■ PROBLEM TO WORK ON
Up to and including the line with "using tight by", please set down the entries below exactly, starting from the first line.

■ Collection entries
= = =

lemma card_total_2_dominating_no_empty_line:
  assumes dom: "total_k_dominating (rook_graph m n) 2 S"
    and rows: "\<forall>i<m. row S i \<noteq> {}" and cols: "\<forall>j<n. col S j \<noteq> {}"
  shows "3 * (m + n) \<le> 4 * card S \<and> (4 * card S = 3 * (m + n) \<longrightarrow> even (card S + m))"
proof -
  have sub: "S \<subseteq> {..<m} \<times> {..<n}"
    using dom by (simp add: total_k_dominating_rook_graph_iff)
  define r where "r x = card (row S (fst x))" for x :: "nat \<times> nat"
  define c where "c x = card (col S (snd x))" for x :: "nat \<times> nat"
  define w where "w x = 1 / real (r x) + 1 / real (c x)" for x
  have pos: "1 \<le> r x" "1 \<le> c x" if "x \<in> S" for x
  proof -
    have "snd x \<in> row S (fst x)" "fst x \<in> col S (snd x)"
      using that by (simp_all add: row_def col_def)
    then show "1 \<le> r x" "1 \<le> c x"
      using finite_row[OF sub] finite_col[OF sub]
      by (auto simp: r_def c_def Suc_le_eq card_gt_0_iff)
  qed
  have w_le: "w x \<le> 4 / 3" if "x \<in> S" for x
    using inverse_add_inverse_le_four_thirds[OF pos[OF that]] card_row_add_card_col_ge[OF dom] that
    by (auto simp: w_def r_def c_def)
  have "(\<Sum>x\<in>S. w x) = m + n"
    using sum_inverse_card_row[OF sub] sum_inverse_card_col[OF sub] rows cols
    by (simp add: w_def r_def c_def sum.distrib)
  then have slack: "(\<Sum>x\<in>S. 4 / 3 - w x) = 4 / 3 * card S - (m + n)"
    by (simp add: sum_subtractf)
  have "0 \<le> (\<Sum>x\<in>S. 4 / 3 - w x)"
    using w_le by (intro sum_nonneg) simp
  then have "real (3 * (m + n)) \<le> real (4 * card S)"
    using slack by simp
  then have "3 * (m + n) \<le> 4 * card S"
    by (simp only: of_nat_le_iff)
  moreover have "even (card S + m)" if tight: "4 * card S = 3 * (m + n)"
  proof -
    have "real (4 * card S) = real (3 * (m + n))"
      using tight by (simp only: of_nat_eq_iff)
    then have "(\<Sum>x\<in>S. 4 / 3 - w x) = 0"
      using slack by simp
    then have "w x = 4 / 3" if "x \<in> S" for x
      using that w_le finite_subset[OF sub] by (simp add: sum_nonneg_eq_0_iff)
    then have "odd (r x)" if "x \<in> S" for x
      using inverse_add_inverse_eq_four_thirds[OF pos[OF that]] that by (auto simp: w_def)
    then have "\<forall>i\<in>{..<m}. odd (card (row S i))"
      using rows by (fastforce simp: r_def row_def)
    from even_card_add_card_if_odd_card_row[OF sub _ _ this] show ?thesis
      by simp
  qed
  ultimately show ?thesis
    by blast
qed
lemma koczkodaj_ranking_satisfies_axioms:
  assumes K: "\<forall>A\<in>PCMs. \<forall>B\<in>PCMs. R A B \<longleftrightarrow> koczkodaj_ranking A B"
  shows "prop_PR R" "prop_IIP R" "prop_HTE R" "prop_SI R" "prop_MON R" "prop_RED R"
proof -
  have indiff_iff: "indiff R A B \<longleftrightarrow> kocz_mu A = kocz_mu B" if "A \<in> PCMs" "B \<in> PCMs" for A B
    using K that by (auto simp: indiff_def koczkodaj_ranking_def)
  show "prop_PR R"
    using K by (simp add: prop_PR_def koczkodaj_ranking_def triad_in_PCMs kocz_mu_triad_1_t_1)
  show "prop_IIP R"
    by (simp add: prop_IIP_def indiff_iff triad_in_PCMs kocz_mu_triad_inverse)
  show "prop_HTE R"
    by (simp add: prop_HTE_def indiff_iff triad_in_PCMs kocz_mu_triad_homogeneous)
  show "prop_SI R"
    by (simp add: prop_SI_def indiff_iff triad_in_PCMs kocz_mu_triad_scale)
  show "prop_MON R"
    unfolding prop_MON_def
  proof (intro ballI allI impI)
    fix A T assume "A \<in> PCMs" "is_triad_of T A"
    then show "R T A"
      using K triad_of_in_PCMs(1) kocz_mu_triad_of_le by (simp add: koczkodaj_ranking_def)
  qed
  show "prop_RED R"
    unfolding prop_RED_def
  proof
    fix A assume A: "A \<in> PCMs"
    obtain T where T: "is_triad_of T A" "kocz_mu T = kocz_mu A"
      using exists_triad_of_eq_kocz_mu[OF A] by blast
    then have "indiff R A T"
      using indiff_iff[OF A triad_of_in_PCMs(1)[OF A T(1)]] by simp
    with T(1) show "\<exists>T. is_triad_of T A \<and> indiff R A T" by blast
  qed
qed

theorem theorem1:
  assumes "inconsistency_ranking R"
  shows "(prop_PR R \<and> prop_IIP R \<and> prop_HTE R \<and> prop_SI R \<and> prop_MON R \<and> prop_RED R)
         \<longleftrightarrow> (\<forall>A\<in>PCMs. \<forall>B\<in>PCMs. R A B \<longleftrightarrow> koczkodaj_ranking A B)"
proof
  assume "prop_PR R \<and> prop_IIP R \<and> prop_HTE R \<and> prop_SI R \<and> prop_MON R \<and> prop_RED R"
  then show "\<forall>A\<in>PCMs. \<forall>B\<in>PCMs. R A B \<longleftrightarrow> koczkodaj_ranking A B"
    using axioms_imp_koczkodaj_ranking[OF assms] by simp
next
  assume "\<forall>A\<in>PCMs. \<forall>B\<in>PCMs. R A B \<longleftrightarrow> koczkodaj_ranking A B"
  then show "prop_PR R \<and> prop_IIP R \<and> prop_HTE R \<and> prop_SI R \<and> prop_MON R \<and> prop_RED R"
    using koczkodaj_ranking_satisfies_axioms by simp
qed

end
lemma ftil_eq_SomeI:
  "b \<in> crysB n l \<Longrightarrow> fraw n i b \<in> crysB n l \<Longrightarrow> ftil n l i b = Some (fraw n i b)"
  by (simp add: ftil_def)

lemma ftil_eq_SomeD: "ftil n l i b = Some c \<Longrightarrow> c = fraw n i b \<and> c \<in> crysB n l"
  by (auto simp: ftil_def split: if_splits)

lemma fpow_add: "fpow n l i (k + m) b = Option.bind (fpow n l i k b) (fpow n l i m)"
  by (induction m) (auto split: Option.bind_splits)

lemma fpow_invariant:
  assumes "\<And>b c. b \<in> S \<Longrightarrow> ftil n l i b = Some c \<Longrightarrow> c \<in> S"
  shows "b \<in> S \<Longrightarrow> fpow n l i k b = Some c \<Longrightarrow> c \<in> S"
  using assms by (induction k arbitrary: c) (auto split: Option.bind_splits)

section \<open>Crystal operators as transfers between adjacent entries\<close>

definition transfer :: "int list \<Rightarrow> nat \<Rightarrow> int \<Rightarrow> int list" where
  "transfer b p k = b[p := b!p - k, Suc p := b!Suc p + k]"

lemma length_transfer [simp]: "length (transfer b p k) = length b"
  by (simp add: transfer_def)

lemma nth_transfer:
  "Suc p < length b \<Longrightarrow>
     transfer b p k ! q = (if q = p then b!p - k else if q = Suc p then b!Suc p + k else b!q)"
  by (simp add: transfer_def nth_list_update)

lemma transfer_0 [simp]: "transfer b p 0 = b"
  by (simp add: transfer_def)

lemma transfer_transfer:
  "Suc p < length b \<Longrightarrow> transfer (transfer b p j) p k = transfer b p (j + k)"
  by (rule nth_equalityI) (simp_all add: nth_transfer)

lemma transfer_in_crysB:
  assumes "b \<in> crysB n l" "Suc p < 2*n" "k \<le> b!p" "0 \<le> b!Suc p + k"
  shows "transfer b p k \<in> crysB n l"
proof -
  have "sum_list (transfer b p k) = sum_list b"
    using assms by (simp add: transfer_def crysB_iff sum_list_list_update nth_list_update)
  then show ?thesis using assms by (auto simp: crysB_iff nth_transfer)
qed

lemma fraw_0_raise: "b!(2*n-1) \<le> b!0 \<Longrightarrow> fraw n 0 b = b[0 := b!0 + 2]"
  by (simp add: fraw_def xc_def xbar_def upd_def)

lemma fraw_0_lower: "b!0 + 2 \<le> b!(2*n-1) \<Longrightarrow> fraw n 0 b = b[2*n-1 := b!(2*n-1) - 2]"
  by (simp add: fraw_def xc_def xbar_def upd_def)

lemma fraw_x:
  "0 < i \<Longrightarrow> i < n \<Longrightarrow> b!(2*n-i-1) \<le> b!i \<Longrightarrow> fraw n i b = transfer b (i-1) 1"
  by (simp add: fraw_def xc_def xbar_def upd_def transfer_def nth_list_update)

lemma fraw_xbar:
  "0 < i \<Longrightarrow> i < n \<Longrightarrow> b!i < b!(2*n-i-1) \<Longrightarrow> fraw n i b = transfer b (2*n-i-1) 1"
  by (simp add: fraw_def xc_def xbar_def upd_def transfer_def nth_list_update Suc_diff_Suc)

lemma fraw_n: "0 < n \<Longrightarrow> fraw n n b = transfer b (n-1) 1"
  by (simp add: fraw_def upd_def transfer_def nth_list_update)

lemma fraw_idx_transfer:
  assumes "0 < a" "a < 2*n"
    and "a < n \<Longrightarrow> b!(2*n-a-1) \<le> b!a"
    and "n < a \<Longrightarrow> b!(2*n-a) < b!(a-1)"
  shows "fraw n (idx n j (Suc a)) b = transfer b (a-1) 1"
proof -
  consider "a < n" | "a = n" | "n < a" by linarith
  then show ?thesis
  proof cases
    case 1
    then show ?thesis using assms fraw_x[of a n b] by (simp add: idx_def)
  next
    case 2
    then show ?thesis using assms fraw_n[of n b] by (simp add: idx_def)
  next
    case 3
    then have "idx n j (Suc a) = 2*n - a" "2*n - (2*n-a) - 1 = a - 1"
      using assms(2) by (auto simp: idx_def)
    then show ?thesis using assms 3 fraw_xbar[of "2*n-a" n b] by simp
  qed
qed

lemma fpow_transfer:
  assumes "c \<in> crysB n l" "Suc p < 2*n" "int k \<le> c!p"
    and "\<And>s. s < k \<Longrightarrow> fraw n i (transfer c p (int s)) = transfer (transfer c p (int s)) p 1"
  shows "fpow n l i k c = Some (transfer c p (int k))"
  using assms(3,4)
proof (induction k)
  case (Suc k)
  have len: "Suc p < length c" using assms(1,2) by (simp add: crysB_iff)
  have "0 \<le> c!Suc p" using assms(1,2) by (simp add: crysB_iff)
  then have mem: "transfer c p (int m) \<in> crysB n l" if "m \<le> Suc k" for m
    using transfer_in_crysB[OF assms(1,2)] that Suc.prems(1) by simp
  have "fraw n i (transfer c p (int k)) = transfer c p (int (Suc k))"
    using Suc.prems(2)[of k] len by (simp add: transfer_transfer add.commute)
  then show ?case
    using Suc mem[of k] mem[of "Suc k"] ftil_eq_SomeI[of "transfer c p (int k)" n l i] by simp
qed simp

lemma fpow_0_raise_x1:
  assumes "0 < n"
  shows "k \<le> l \<Longrightarrow>
    fpow n l 0 k (replicate (2*n) 0) = Some ((replicate (2*n) 0)[0 := 2 * int k])"
proof (induction k)
  case (Suc k)
  let ?b = "(replicate (2*n) 0)[0 := 2 * int k]"
  have "fraw n 0 ?b = (replicate (2*n) 0)[0 := 2 * int (Suc k)]"
    using assms fraw_0_raise[of ?b n] by (simp add: add.commute)
  then show ?case
    using Suc assms ftil_eq_SomeI[of ?b n l 0] replicate_update_in_crysB[of 0 n] by simp
qed (auto intro!: nth_equalityI simp: nth_list_update)

section \<open>The sets B^(j)_a\<close>

definition crysB_prefix :: "nat \<Rightarrow> nat \<Rightarrow> nat \<Rightarrow> int list set" where
  "crysB_prefix n l a = {b \<in> crysB n l. \<forall>q. a \<le> q \<longrightarrow> q < 2*n \<longrightarrow> b!q = 0}"

lemma crysB_prefix_0: "crysB_prefix n l 0 = {replicate (2*n) 0}"
  by (auto simp: crysB_prefix_def crysB_iff sum_list_replicate intro!: nth_equalityI)

lemma crysB_prefix_2n: "crysB_prefix n l (2*n) = crysB n l"
  by (auto simp: crysB_prefix_def)

lemma crysB_prefix_mono: "a \<le> a' \<Longrightarrow> crysB_prefix n l a \<subseteq> crysB_prefix n l a'"
  by (auto simp: crysB_prefix_def)

lemma crysB_prefix_low:
  assumes "a \<le> n"
  shows "crysB_prefix n l a =
    {b\<in>crysB n l. (\<forall>i\<in>{a+1..n}. xc b i = 0) \<and> (\<forall>i\<in>{1..n}. xbar n b i = 0)}"
proof -
  have "(\<forall>q. a \<le> q \<longrightarrow> q < 2*n \<longrightarrow> b!q = 0) \<longleftrightarrow>
      (\<forall>i\<in>{a+1..n}. b!(i-1) = 0) \<and> (\<forall>i\<in>{1..n}. b!(2*n-i) = 0)" for b :: "int list"
  proof safe
    fix q assume x: "\<forall>i\<in>{a+1..n}. b!(i-1) = 0" and xbar: "\<forall>i\<in>{1..n}. b!(2*n-i) = 0"
      and q: "a \<le> q" "q < 2*n"
    show "b!q = 0"
    proof (cases "q < n")
      case True
      then show ?thesis using x q by (auto dest: bspec[of _ _ "Suc q"])
    next
      case False
      then have "2*n-q \<in> {1..n}" "2*n-(2*n-q) = q" using q by auto
      then show ?thesis using xbar by metis
    qed
  qed (use assms in auto)
  then show ?thesis by (simp add: crysB_prefix_def xc_def xbar_def)
qed

lemma crysB_prefix_high:
  assumes "a \<le> n"
  shows "crysB_prefix n l (n+a) = {b\<in>crysB n l. \<forall>i\<in>{1..n-a}. xbar n b i = 0}"
proof -
  have "(\<forall>q. n+a \<le> q \<longrightarrow> q < 2*n \<longrightarrow> b!q = 0) \<longleftrightarrow> (\<forall>i\<in>{1..n-a}. b!(2*n-i) = 0)"
    for b :: "int list"
  proof safe
    fix q assume xbar: "\<forall>i\<in>{1..n-a}. b!(2*n-i) = 0" and q: "n+a \<le> q" "q < 2*n"
    then have "2*n-q \<in> {1..n-a}" "2*n-(2*n-q) = q" by auto
    then show "b!q = 0" using xbar by metis
  qed (use assms in auto)
  then show ?thesis by (simp add: crysB_prefix_def xbar_def)
qed

lemma ftil_idx_preserves_crysB_prefix:
  assumes n: "0 < n" and a: "a < 2*n" and b: "b \<in> crysB_prefix n l (Suc a)"
    and c: "ftil n l (idx n j (Suc a)) b = Some c"
  shows "c \<in> crysB_prefix n l (Suc a)"
proof -
  have c_eq: "c = fraw n (idx n j (Suc a)) b" and cB: "c \<in> crysB n l" using ftil_eq_SomeD[OF c] by auto
  have len: "length b = 2*n" and nonneg: "\<And>q. q < 2*n \<Longrightarrow> 0 \<le> b!q"
    and zero: "\<And>q. Suc a \<le> q \<Longrightarrow> q < 2*n \<Longrightarrow> b!q = 0"
    using b by (auto simp: crysB_prefix_def crysB_iff)
  have "c!q = b!q" if q: "Suc a \<le> q" "q < 2*n" for q
  proof -
    consider "a = 0" | "0 < a" "a \<le> n" | "n < a" "b!(2*n-a) < b!(a-1)" | "n < a" "b!(a-1) \<le> b!(2*n-a)"
      by linarith
    then show ?thesis
    proof cases
      case 1
      then have "c = b[0 := b!0 + 2]"
        using c_eq fraw_0_raise[of b n] zero[of "2*n-1"] nonneg[of 0] n by (simp add: idx_def)
      then show ?thesis using q 1 by simp
    next
      case 2
      then have "c = transfer b (a-1) 1"
        using c_eq fraw_idx_transfer[of a n b] a zero[of "2*n-a-1"] nonneg[of a] by simp
      then show ?thesis using q 2 len by (simp add: nth_transfer)
    next
      case 3
      then have "c = transfer b (a-1) 1" using c_eq fraw_idx_transfer[of a n b] a by simp
      then show ?thesis using q 3 len by (simp add: nth_transfer)
    next
      case 4
      then have "idx n j (Suc a) = 2*n - a" "2*n - (2*n-a) - 1 = a - 1" using a by (auto simp: idx_def)
      then have "c = transfer b (2*n-a-1) 1" using c_eq fraw_x[of "2*n-a" n b] a 4 by simp
      then show ?thesis using q 4 len by (simp add: nth_transfer; linarith)
    qed
  qed
  then show ?thesis using cB zero by (simp add: crysB_prefix_def)
qed

lemma crysB_prefix_reachable_0:
  assumes n: "0 < n" and c: "c \<in> crysB_prefix n l 1"
  shows "\<exists>b\<in>crysB_prefix n l 0. \<exists>k. fpow n l 0 k b = Some c"
proof -
  have len: "length c = 2*n" and zero: "\<forall>q<2*n. q \<noteq> 0 \<longrightarrow> c!q = 0"
    and "sum_list c \<le> 2 * int l" "even (sum_list c)" "0 \<le> c!0"
    using c n by (auto simp: crysB_prefix_def crysB_iff)
  moreover have c_eq: "c = (replicate (2*n) 0)[0 := c!0]"
    using len zero by (auto intro!: nth_equalityI simp: nth_list_update)
  moreover have "sum_list c = c!0"
    using n by (subst c_eq) (simp add: sum_list_list_update sum_list_replicate)
  ultimately have "c = (replicate (2*n) 0)[0 := 2 * int (nat (c!0 div 2))]" "nat (c!0 div 2) \<le> l"
    by auto
  then show ?thesis using fpow_0_raise_x1[OF n] crysB_prefix_0 by fastforce
qed

lemma crysB_prefix_reachable_low:
  assumes a: "0 < a" "a \<le> n" and c: "c \<in> crysB_prefix n l (Suc a)"
  shows "\<exists>b\<in>crysB_prefix n l a. \<exists>k. fpow n l (idx n j (Suc a)) k b = Some c"
proof -
  have cB: "c \<in> crysB n l" and len: "length c = 2*n" and nonneg: "\<And>q. q < 2*n \<Longrightarrow> 0 \<le> c!q"
    and zero: "\<And>q. Suc a \<le> q \<Longrightarrow> q < 2*n \<Longrightarrow> c!q = 0"
    using c by (auto simp: crysB_prefix_def crysB_iff)
  define b where "b = transfer c (a-1) (- c!a)"
  have pos: "Suc (a-1) = a" "a < 2*n" using a by auto
  have bB: "b \<in> crysB n l" unfolding b_def
    using transfer_in_crysB[OF cB, of "a-1" "- c!a"] nonneg[of a] nonneg[of "a-1"] pos by simp
  have "b \<in> crysB_prefix n l a"
    using bB zero len pos by (auto simp: crysB_prefix_def b_def nth_transfer)
  moreover have "fpow n l (idx n j (Suc a)) (nat (c!a)) b = Some c"
  proof -
    have "fraw n (idx n j (Suc a)) (transfer b (a-1) (int s))
        = transfer (transfer b (a-1) (int s)) (a-1) 1" for s
    proof -
      let ?b = "transfer b (a-1) (int s)"
      have "?b!(2*n-a-1) \<le> ?b!a" if "a < n"
      proof -
        have "Suc a \<le> 2*n-a-1" using that by simp
        then show ?thesis using zero[of "2*n-a-1"] len pos by (simp add: b_def nth_transfer)
      qed
      then show ?thesis using fraw_idx_transfer[of a n ?b] pos a by simp
    qed
    then show ?thesis
      using fpow_transfer[OF bB, of "a-1" "nat (c!a)"] pos len nonneg[of "a-1"] nonneg[of a]
      by (simp add: b_def nth_transfer transfer_transfer)
  qed
  ultimately show ?thesis by blast
qed
lemma focal_complex_augment:
  assumes X: "X \<in> focal_complex I l \<gamma>" and Y: "Y \<in> focal_complex I l \<gamma>" and XY: "card X < card Y"
  shows "\<exists>y\<in>Y - X. insert y X \<in> focal_complex I l \<gamma>"
proof -
  obtain F2 where F2: "is_tight_basis F2" "Y \<subseteq> F2" using Y focal_complex_eq by blast
  obtain F1 where "is_tight_basis F1" "X \<subseteq> F1" using X focal_complex_eq by blast
  then obtain F where F: "is_tight_basis F" "X \<subseteq> F"
      and min: "\<And>F'. is_tight_basis F' \<Longrightarrow> X \<subseteq> F' \<Longrightarrow> card (F - F2) \<le> card (F' - F2)"
    using ex_has_least_nat[of "\<lambda>F. is_tight_basis F \<and> X \<subseteq> F" F1 "\<lambda>F. card (F - F2)"] by blast
  have fin: "finite F" "finite F2" using F(1) F2(1) finite_basis unfolding is_tight_basis_def by auto
  have "F - F2 \<subseteq> X"
  proof
    fix z assume z: "z \<in> F - F2"
    show "z \<in> X"
    proof (rule ccontr)
      assume "z \<notin> X"
      obtain y where y: "y \<in> F2 - F" "is_tight_basis (insert y (F - {z}))"
        using tight_basis_exchange F(1) F2(1) z by blast
      have "insert y (F - {z}) - F2 = (F - F2) - {z}" using y z by blast
      moreover have "card ((F - F2) - {z}) < card (F - F2)"
        using z fin(1) by (intro card_Diff1_less) auto
      ultimately have "card (insert y (F - {z}) - F2) < card (F - F2)" by simp
      moreover have "X \<subseteq> insert y (F - {z})" using F(2) \<open>z \<notin> X\<close> by blast
      ultimately show False using min[OF y(2)] by simp
    qed
  qed
  show ?thesis
  proof (cases "\<exists>y\<in>Y - X. y \<in> F")
    case True
    then show ?thesis using F focal_complex_eq by blast
  next
    case False
    then have "F - X \<subseteq> F2 - Y" using \<open>F - F2 \<subseteq> X\<close> by blast
    then have "card (F - X) \<le> card (F2 - Y)" using fin by (simp add: card_mono)
    moreover have "card F = card F2" using F(1) F2(1) is_basis_iff_card unfolding is_tight_basis_def by simp
    moreover have "card Y \<le> card F2" using F2(2) fin by (simp add: card_mono)
    ultimately have False
      using XY F(2) F2(2) fin by (simp add: card_Diff_subset finite_subset)
    then show ?thesis ..
  qed
qed

lemma focal_complex_subset: "focal_complex I l \<gamma> \<subseteq> I"
  using indep_subset basis_indep unfolding focal_complex_eq is_tight_basis_def by blast

lemma indep_matroid_focal_complex:
  assumes "\<exists>F. is_tight_basis F"
  shows "indep_matroid E (focal_complex I l \<gamma>)"
  unfolding indep_matroid_def
proof (intro conjI allI impI ballI)
  show "finite E" using indep_matroid unfolding indep_matroid_def by blast
  show "X \<subseteq> E" if "X \<in> focal_complex I l \<gamma>" for X
    using that focal_complex_subset indep_subset_ground by blast
  show "{} \<in> focal_complex I l \<gamma>" using assms unfolding focal_complex_eq by blast
  show "Y \<in> focal_complex I l \<gamma>" if "X \<in> focal_complex I l \<gamma>" "Y \<subseteq> X" for X Y
    using that unfolding focal_complex_eq by blast
  show "\<exists>y\<in>Y - X. insert y X \<in> focal_complex I l \<gamma>"
    if "X \<in> focal_complex I l \<gamma>" "Y \<in> focal_complex I l \<gamma>" "card X < card Y" for X Y
    using focal_complex_augment that by blast
qed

= = =

■ ANSWER TO THE EXERCISE
lemma card_total_2_dominating_no_empty_line:
  assumes dom: "total_k_dominating (rook_graph m n) 2 S"
    and rows: "\<forall>i<m. row S i \<noteq> {}" and cols: "\<forall>j<n. col S j \<noteq> {}"
  shows "3 * (m + n) \<le> 4 * card S \<and> (4 * card S = 3 * (m + n) \<longrightarrow> even (card S + m))"
proof -
  have sub: "S \<subseteq> {..<m} \<times> {..<n}"
    using dom by (simp add: total_k_dominating_rook_graph_iff)
  define r where "r x = card (row S (fst x))" for x :: "nat \<times> nat"
  define c where "c x = card (col S (snd x))" for x :: "nat \<times> nat"
  define w where "w x = 1 / real (r x) + 1 / real (c x)" for x
  have pos: "1 \<le> r x" "1 \<le> c x" if "x \<in> S" for x
  proof -
    have "snd x \<in> row S (fst x)" "fst x \<in> col S (snd x)"
      using that by (simp_all add: row_def col_def)
    then show "1 \<le> r x" "1 \<le> c x"
      using finite_row[OF sub] finite_col[OF sub]
      by (auto simp: r_def c_def Suc_le_eq card_gt_0_iff)
  qed
  have w_le: "w x \<le> 4 / 3" if "x \<in> S" for x
    using inverse_add_inverse_le_four_thirds[OF pos[OF that]] card_row_add_card_col_ge[OF dom] that
    by (auto simp: w_def r_def c_def)
  have "(\<Sum>x\<in>S. w x) = m + n"
    using sum_inverse_card_row[OF sub] sum_inverse_card_col[OF sub] rows cols
    by (simp add: w_def r_def c_def sum.distrib)
  then have slack: "(\<Sum>x\<in>S. 4 / 3 - w x) = 4 / 3 * card S - (m + n)"
    by (simp add: sum_subtractf)
  have "0 \<le> (\<Sum>x\<in>S. 4 / 3 - w x)"
    using w_le by (intro sum_nonneg) simp
  then have "real (3 * (m + n)) \<le> real (4 * card S)"
    using slack by simp
  then have "3 * (m + n) \<le> 4 * card S"
    by (simp only: of_nat_le_iff)
  moreover have "even (card S + m)" if tight: "4 * card S = 3 * (m + n)"
  proof -
    have "real (4 * card S) = real (3 * (m + n))"
      using tight by (simp only: of_nat_eq_iff)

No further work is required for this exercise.